Let’s have a look at what time series of some centers look like for both approaches. Here time series are presented on the basis of Price Return instead of Absolute Price in order to compare different companies.

Imgur

The green zone around the time series forms an inter-apartment dimension (q25-q75), the more homogeneous is the cluster representatives. As can be seen, in general, the green zone is already in the corr-cluster. Visualization options for all clusters can be viewed on the repositories in the file S4_EDA_Clustering.ipynb.
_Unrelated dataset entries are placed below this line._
(* Let $\Gamma\in\mathcal{H}$, $q\in\mathbb{N}^*$ and $k\in\mathbb{N}^*$. There exists $l\in\mathbb{N}^*$ such that for every $f\in P_l^{C_q^{-1}(\Gamma)}$, the torus map $C_q f C_q^{-1}$ belongs to $P_k^\Gamma$.
   Context: $\mathbb{T}^2=\mathbb{R}^2/\mathbb{Z}^2$, $R_\theta(x)=x+\theta$; $\overline{\mathcal{O}}^{\infty}(\mathbb{T}^2)$ is the $C^\infty$-closure of $\{h\circ R_\theta\circ h^{-1}: h\in\mathrm{Diff}^\infty(\mathbb{T}^2),\theta\in\mathbb{T}^2\}$ (its elements are homotopic to the identity). $C_q$ is the linear map with matrix $\begin{pmatrix}1/q&0\\0&1\end{pmatrix}$; for a torus diffeomorphism $f$ homotopic to the identity with lift $\tilde f$, $C_q f C_q^{-1}$ denotes the torus diffeomorphism obtained as the quotient of $C_q\circ\tilde f\circ C_q^{-1}$ (which commutes with $\mathbb{Z}^2$-translations). $\mathcal{H}$ is the set of non-empty compact subsets of $\mathbb{R}^2$ modulo translations and positive-ratio homotheties; $C_q^{-1}(\Gamma)$ is the type of $C_q^{-1}(\hat\Gamma)$, $\hat\Gamma\in\Gamma$. For $r>0$, $K\in\mathcal{LA}_r(\Gamma)$ means $K$ non-empty compact, $\mathrm{diam}(K)>r$ and some $\hat\Gamma\in\Gamma$ of diameter $1$ satisfies $d_H(K/\mathrm{diam}(K),\hat\Gamma)<1/r$. With $D=[0,1]^2$, $P_k^\Gamma=\{f\in\overline{\mathcal{O}}^{\infty}(\mathbb{T}^2): \exists n\in\mathbb{N}^*,\ \tilde f^n(D)\in\mathcal{LA}_k(\Gamma)\}$ with $\tilde f$ any lift. *)

theory Defs
  imports "HOL-Analysis.Analysis"
begin

text \<open>The plane R^2 is modelled as real \<times> real; a map of the torus T^2 = R^2/Z^2
  homotopic to the identity is represented by a lift F : R^2 \<Rightarrow> R^2 commuting
  with integer translations.\<close>

type_synonym pt = "real \<times> real"

definition Z2 :: "pt set" where
  "Z2 = {(a, b) | a b. a \<in> \<int> \<and> b \<in> \<int>}"

fun pd :: "pt list \<Rightarrow> (pt \<Rightarrow> pt) \<Rightarrow> pt \<Rightarrow> pt" where
  "pd [] g = g"
| "pd (e # es) g = (\<lambda>x. vector_derivative (\<lambda>t. pd es g (x + t *\<^sub>R e)) (at 0))"

definition smooth :: "(pt \<Rightarrow> pt) \<Rightarrow> bool" where
  "smooth g \<longleftrightarrow> (\<forall>es. set es \<subseteq> Basis \<longrightarrow>
      continuous_on UNIV (pd es g) \<and>
      (\<forall>e\<in>Basis. \<forall>x. (\<lambda>t. pd es g (x + t *\<^sub>R e)) differentiable (at 0)))"

text \<open>Lifts of C^\<infinity> diffeomorphisms of T^2 (arbitrary homotopy class).\<close>
definition torus_diffeo_lift :: "(pt \<Rightarrow> pt) \<Rightarrow> bool" where
  "torus_diffeo_lift H \<longleftrightarrow> bij H \<and> smooth H \<and> smooth (inv H) \<and>
     (\<forall>x m. m \<in> Z2 \<longrightarrow> H (x + m) - H x \<in> Z2) \<and>
     (\<forall>x m. m \<in> Z2 \<longrightarrow> inv H (x + m) - inv H x \<in> Z2)"

text \<open>Lifts homotopic to the identity: commute with Z^2 translations.\<close>
definition commutes_Z2 :: "(pt \<Rightarrow> pt) \<Rightarrow> bool" where
  "commutes_Z2 F \<longleftrightarrow> (\<forall>x m. m \<in> Z2 \<longrightarrow> F (x + m) = F x + m)"

text \<open>Lifts of the maps h \<circ> R_\<theta> \<circ> h^{-1} (all lifts: up to integer translation).\<close>
definition conj_rot_lifts :: "(pt \<Rightarrow> pt) set" where
  "conj_rot_lifts = {(\<lambda>x. H (inv H x + \<theta>) + m) | H \<theta> m.
      torus_diffeo_lift H \<and> m \<in> Z2}"

definition Cinf_conv :: "(nat \<Rightarrow> pt \<Rightarrow> pt) \<Rightarrow> (pt \<Rightarrow> pt) \<Rightarrow> bool" where
  "Cinf_conv Fs F \<longleftrightarrow> (\<forall>es. set es \<subseteq> Basis \<longrightarrow>
      uniform_limit UNIV (\<lambda>n. pd es (Fs n)) (pd es F) sequentially)"

text \<open>Lifts of elements of the C^\<infinity>-closure (in Diff^\<infinity>(T^2)) of the conjugates of rotations.\<close>
definition Obar_lifts :: "(pt \<Rightarrow> pt) set" where
  "Obar_lifts = {F. torus_diffeo_lift F \<and> commutes_Z2 F \<and>
      (\<exists>Fs. (\<forall>n. Fs n \<in> conj_rot_lifts) \<and> Cinf_conv Fs F)}"

text \<open>The space H: non-empty compact sets modulo translations and positive homotheties.\<close>
definition homothety_class :: "pt set \<Rightarrow> pt set set" where
  "homothety_class K = {(\<lambda>x. c *\<^sub>R x + v) ` K | c v. c > 0}"

definition Hspace :: "pt set set set" where
  "Hspace = {homothety_class K | K. compact K \<and> K \<noteq> {}}"

definition Cq :: "nat \<Rightarrow> pt \<Rightarrow> pt" where
  "Cq q = (\<lambda>(x, y). (x / real q, y))"

definition Cq_inv :: "nat \<Rightarrow> pt \<Rightarrow> pt" where
  "Cq_inv q = (\<lambda>(x, y). (real q * x, y))"

definition Cq_inv_class :: "nat \<Rightarrow> pt set set \<Rightarrow> pt set set" where
  "Cq_inv_class q \<Gamma> = (\<lambda>K. Cq_inv q ` K) ` \<Gamma>"

definition Cq_conj :: "nat \<Rightarrow> (pt \<Rightarrow> pt) \<Rightarrow> pt \<Rightarrow> pt" where
  "Cq_conj q F = Cq q \<circ> F \<circ> Cq_inv q"

definition hausdorff_dist :: "pt set \<Rightarrow> pt set \<Rightarrow> real" where
  "hausdorff_dist A B = max (SUP a\<in>A. infdist a B) (SUP b\<in>B. infdist b A)"

definition LA :: "real \<Rightarrow> pt set set \<Rightarrow> pt set set" where
  "LA r \<Gamma> = {K. compact K \<and> K \<noteq> {} \<and> diameter K > r \<and>
      (\<exists>G\<in>\<Gamma>. diameter G = 1 \<and>
         hausdorff_dist ((\<lambda>x. (1 / diameter K) *\<^sub>R x) ` K) G < 1 / r)}"

definition unit_square :: "pt set" where
  "unit_square = {0..1} \<times> {0..1}"

text \<open>P_k^\<Gamma>, expressed on lifts (the condition does not depend on the lift chosen).\<close>
definition P :: "nat \<Rightarrow> pt set set \<Rightarrow> (pt \<Rightarrow> pt) set" where
  "P k \<Gamma> = {F \<in> Obar_lifts. \<exists>n::nat. n \<ge> 1 \<and> (F ^^ n) ` unit_square \<in> LA (real k) \<Gamma>}"

end

(* If h is a diffeomorphism of T^2, precomposing it with the inverse of its action on
   H_1(T^2) = Z^2 gives a diffeomorphism g homotopic to the identity with
   g R_theta' g^-1 = h R_theta h^-1.  Then g' = C_q g C_q^-1 is again a torus diffeomorphism, and
   C_q (g R_theta' g^-1) C_q^-1 = g' R_(C_q theta') g'^-1.  Every derivative
   of C_q f C_q^-1 is a constant multiple of C_q applied to the corresponding derivative of f,
   so C^infinity limits are preserved and C_q f C_q^-1 stays in the closure.

   The n-th iterate of C_q f C_q^-1 maps D onto C_q(f^n(C_q^-1 D)), and C_q^-1 D = [0, q] x [0, 1]
   is covered by integer translates of D, so f^n(C_q^-1 D) is within Hausdorff distance q of
   f^n(D).  If f^n(D) has diameter d > l and is within d/l of d times a set of shape
   C_q^-1(Gamma) and diameter 1, then, C_q being 1-Lipschitz, the iterate is within q + d/l of a
   set of shape Gamma and diameter at least d/q.  For l = 20 q^2 (k + 1) the error relative to
   the diameter is below 1/k. *)

theory Submission
  imports Defs
begin

section \<open>Smooth maps of the plane\<close>

lemma Basis_pt: "(Basis :: pt set) = {(1, 0), (0, 1)}"
  by (auto simp: Basis_prod_def)

lemma pd_append: "pd es (pd es' g) = pd (es @ es') g"
  by (induction es) auto

lemma smooth_coinduct:
  assumes "g \<in> S"
    and "\<And>h. h \<in> S \<Longrightarrow> continuous_on UNIV h"
    and "\<And>h e x. h \<in> S \<Longrightarrow> e \<in> Basis \<Longrightarrow> (\<lambda>t. h (x + t *\<^sub>R e)) differentiable (at 0)"
    and "\<And>h e. h \<in> S \<Longrightarrow> e \<in> Basis \<Longrightarrow> pd [e] h \<in> S"
  shows "smooth g"
proof -
  have "pd es g \<in> S" if "set es \<subseteq> Basis" for es
    using that by (induction es) (use assms in auto)
  then show ?thesis
    using assms unfolding smooth_def by blast
qed

lemma smooth_pd: "smooth g \<Longrightarrow> set es \<subseteq> Basis \<Longrightarrow> smooth (pd es g)"
  unfolding smooth_def pd_append by auto

lemma smooth_imp_continuous: "smooth g \<Longrightarrow> continuous_on UNIV g"
  unfolding smooth_def by (metis empty_subsetI pd.simps(1) set_empty)

lemma smooth_has_vector_derivative:
  assumes "smooth g" "e \<in> Basis"
  shows "((\<lambda>t. g (x + t *\<^sub>R e)) has_vector_derivative pd [e] g x) (at 0)"
proof -
  have "(\<lambda>t. g (x + t *\<^sub>R e)) differentiable (at 0)"
    using assms unfolding smooth_def by (metis empty_subsetI pd.simps(1) set_empty)
  then show ?thesis
    by (simp add: vector_derivative_works)
qed

lemma smooth_has_derivative:
  assumes "smooth g"
  shows "(g has_derivative (\<lambda>v. fst v *\<^sub>R pd [(1, 0)] g x + snd v *\<^sub>R pd [(0, 1)] g x)) (at x)"
proof -
  have line: "((\<lambda>s. g (p + (s - s0) *\<^sub>R e)) has_derivative (\<lambda>t. t *\<^sub>R pd [e] g p)) (at s0)"
    if "e \<in> Basis" for p e and s0 :: real
  proof -
    have "((\<lambda>s. s - s0) has_vector_derivative 1) (at s0)"
      by (auto intro!: derivative_eq_intros)
    from vector_diff_chain_at[OF this, of "\<lambda>t. g (p + t *\<^sub>R e)"]
      smooth_has_vector_derivative[OF assms that, of p]
    show ?thesis
      by (simp add: o_def has_vector_derivative_def)
  qed
  obtain x0 y0 where x: "x = (x0, y0)"
    by (cases x)
  have dx: "((\<lambda>a. g (a, y0)) has_derivative (\<lambda>t. t *\<^sub>R pd [(1, 0)] g (x0, y0))) (at x0)"
    using line[of "(1, 0)" "(x0, y0)" x0] by (simp add: Basis_pt del: pd.simps)
  have dy: "((\<lambda>b. g (a, b)) has_derivative blinfun_scaleR_left (pd [(0, 1)] g (a, b))) (at b)"
    for a b
    using line[of "(0, 1)" "(a, b)" b] by (simp add: Basis_pt del: pd.simps)
  have "continuous_on UNIV (pd [(0, 1)] g)"
    using smooth_imp_continuous[OF smooth_pd[OF assms, of "[(0, 1)]"]] by (simp add: Basis_pt)
  then have "continuous (at (x0, y0)) (\<lambda>p. blinfun_scaleR_left (pd [(0, 1)] g p))"
    by (intro bounded_linear.continuous[OF bounded_linear_blinfun_scaleR_left])
      (simp add: continuous_on_eq_continuous_at del: pd.simps)
  then have "continuous (at (x0, y0) within UNIV \<times> UNIV)
      (\<lambda>(a, b). blinfun_scaleR_left (pd [(0, 1)] g (a, b)))"
    by (simp add: case_prod_beta' del: pd.simps)
  from has_derivative_partialsI[OF dx dy this]
  show ?thesis
    by (simp add: x case_prod_beta' split_beta)
qed

text \<open>The closure of \<open>f \<circ> g\<close> under the chain rule: it is closed under partial derivatives,
  which yields smoothness of \<open>f \<circ> g\<close> by \<open>smooth_coinduct\<close>.\<close>

inductive_set chain_terms :: "(pt \<Rightarrow> pt) \<Rightarrow> (pt \<Rightarrow> pt) set" for g where
  comp: "smooth f \<Longrightarrow> (\<lambda>x. f (g x)) \<in> chain_terms g"
| add: "u \<in> chain_terms g \<Longrightarrow> v \<in> chain_terms g \<Longrightarrow> (\<lambda>x. u x + v x) \<in> chain_terms g"
| scale: "smooth h \<Longrightarrow> bounded_linear (\<phi> :: pt \<Rightarrow> real) \<Longrightarrow> u \<in> chain_terms g \<Longrightarrow>
    (\<lambda>x. \<phi> (h x) *\<^sub>R u x) \<in> chain_terms g"

lemma chain_terms_continuous:
  assumes "smooth g" "u \<in> chain_terms g"
  shows "continuous_on UNIV u"
  using assms(2)
proof induction
  case (comp f)
  show ?case
    using continuous_on_compose[OF smooth_imp_continuous[OF assms(1)]
        continuous_on_subset[OF smooth_imp_continuous[OF comp]]]
    by (simp add: o_def)
next
  case (scale h \<phi> u)
  show ?case
    using scale smooth_imp_continuous[OF scale(1)]
    by (intro continuous_intros continuous_on_compose2[OF linear_continuous_on[OF scale(2)]]) auto
qed (auto intro: continuous_intros)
Next, I have trained models in all centres using the LSTM algorithm and performed validation on the test sample. R2 calculation was performed for a 1-step-ahead forecast.
For testing, I chose 3 centres from sector groups and 3 centres from correlation clusters:

Sector composites:
Basic Materials, R2 = 0.74
Utilities, R2 = 0.81
Financial, R2 = 0.76
Correlated cluster centers:
- AOA, R2 = 0.85
- FXO, R2 = 0.87
- FXL, R2 = 0.90

For each centre, I randomly selected 25 companies from the corresponding cluster and generated a forecast for the model trained in the centre of the cluster. The result is shown in the chart below.

Imgur

As can be seen above, in some cases, the models trained on centres can provide acceptable quality of metrics even for companies in the cluster of this composite. Of course, the results above are only a small simulation with random selection of companies, so this conclusion is evidence of the quality of the model itself, but only reflects some coherence of companies in the 1 cluster.

We can notice that the average value of R2 for companies in correlation clusters is closer to the R2 centers of corr-clusters than for clusters formed by sectors. This conclusion is not unambiguous, because I chose 6 centers relatively randomly, but in general, we can say that the idea of merging companies into clusters based on correlation dependence can be used and bring some benefit.